### WHAT IS REQUIRED:
From the first line through the line containing "(\<lambda>A. ennreal ((1 / ln", transcribe the records exactly and include no other lines.

(Stored data entries)

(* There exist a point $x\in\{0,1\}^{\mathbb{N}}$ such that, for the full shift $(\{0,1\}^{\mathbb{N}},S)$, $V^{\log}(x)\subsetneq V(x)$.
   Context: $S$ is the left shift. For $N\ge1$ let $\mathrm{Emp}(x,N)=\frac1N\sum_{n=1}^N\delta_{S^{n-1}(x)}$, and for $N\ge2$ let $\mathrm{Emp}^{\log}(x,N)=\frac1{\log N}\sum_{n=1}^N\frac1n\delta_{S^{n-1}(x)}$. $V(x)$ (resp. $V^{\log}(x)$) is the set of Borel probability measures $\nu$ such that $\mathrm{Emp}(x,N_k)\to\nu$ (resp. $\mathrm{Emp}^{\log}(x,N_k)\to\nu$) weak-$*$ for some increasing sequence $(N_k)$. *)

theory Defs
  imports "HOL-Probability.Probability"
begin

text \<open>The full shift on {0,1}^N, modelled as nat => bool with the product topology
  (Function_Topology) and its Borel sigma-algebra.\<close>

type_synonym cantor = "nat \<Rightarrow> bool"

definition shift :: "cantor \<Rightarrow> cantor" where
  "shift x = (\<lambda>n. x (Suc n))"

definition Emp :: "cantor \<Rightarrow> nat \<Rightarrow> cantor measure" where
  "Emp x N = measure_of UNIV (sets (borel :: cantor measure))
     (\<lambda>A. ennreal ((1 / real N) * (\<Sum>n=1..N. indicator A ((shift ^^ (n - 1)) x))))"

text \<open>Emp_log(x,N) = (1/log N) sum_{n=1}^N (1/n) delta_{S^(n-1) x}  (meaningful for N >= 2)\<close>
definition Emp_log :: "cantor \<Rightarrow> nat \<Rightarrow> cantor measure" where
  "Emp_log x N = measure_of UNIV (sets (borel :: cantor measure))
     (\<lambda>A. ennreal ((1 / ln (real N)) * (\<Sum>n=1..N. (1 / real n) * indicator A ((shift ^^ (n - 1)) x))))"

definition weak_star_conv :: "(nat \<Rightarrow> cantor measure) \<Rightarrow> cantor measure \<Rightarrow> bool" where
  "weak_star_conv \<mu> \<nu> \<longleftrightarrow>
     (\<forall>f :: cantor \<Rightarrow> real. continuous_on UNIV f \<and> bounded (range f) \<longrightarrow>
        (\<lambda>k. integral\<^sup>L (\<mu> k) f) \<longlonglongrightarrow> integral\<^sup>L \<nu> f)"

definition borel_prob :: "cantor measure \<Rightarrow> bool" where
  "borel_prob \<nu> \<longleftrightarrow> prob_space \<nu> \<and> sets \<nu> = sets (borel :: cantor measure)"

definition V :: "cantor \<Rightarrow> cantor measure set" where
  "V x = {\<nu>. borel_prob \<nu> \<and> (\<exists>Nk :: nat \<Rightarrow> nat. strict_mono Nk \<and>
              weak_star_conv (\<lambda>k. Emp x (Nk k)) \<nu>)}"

### TASK RESPONSE:
(* There exist a point $x\in\{0,1\}^{\mathbb{N}}$ such that, for the full shift $(\{0,1\}^{\mathbb{N}},S)$, $V^{\log}(x)\subsetneq V(x)$.
   Context: $S$ is the left shift. For $N\ge1$ let $\mathrm{Emp}(x,N)=\frac1N\sum_{n=1}^N\delta_{S^{n-1}(x)}$, and for $N\ge2$ let $\mathrm{Emp}^{\log}(x,N)=\frac1{\log N}\sum_{n=1}^N\frac1n\delta_{S^{n-1}(x)}$. $V(x)$ (resp. $V^{\log}(x)$) is the set of Borel probability measures $\nu$ such that $\mathrm{Emp}(x,N_k)\to\nu$ (resp. $\mathrm{Emp}^{\log}(x,N_k)\to\nu$) weak-$*$ for some increasing sequence $(N_k)$. *)

theory Defs
  imports "HOL-Probability.Probability"
begin

text \<open>The full shift on {0,1}^N, modelled as nat => bool with the product topology
  (Function_Topology) and its Borel sigma-algebra.\<close>

type_synonym cantor = "nat \<Rightarrow> bool"

definition shift :: "cantor \<Rightarrow> cantor" where
  "shift x = (\<lambda>n. x (Suc n))"

definition Emp :: "cantor \<Rightarrow> nat \<Rightarrow> cantor measure" where
  "Emp x N = measure_of UNIV (sets (borel :: cantor measure))
     (\<lambda>A. ennreal ((1 / real N) * (\<Sum>n=1..N. indicator A ((shift ^^ (n - 1)) x))))"

text \<open>Emp_log(x,N) = (1/log N) sum_{n=1}^N (1/n) delta_{S^(n-1) x}  (meaningful for N >= 2)\<close>
definition Emp_log :: "cantor \<Rightarrow> nat \<Rightarrow> cantor measure" where
  "Emp_log x N = measure_of UNIV (sets (borel :: cantor measure))
     (\<lambda>A. ennreal ((1 / ln (real N)) * (\<Sum>n=1..N. (1 / real n) * indicator A ((shift ^^ (n - 1)) x))))"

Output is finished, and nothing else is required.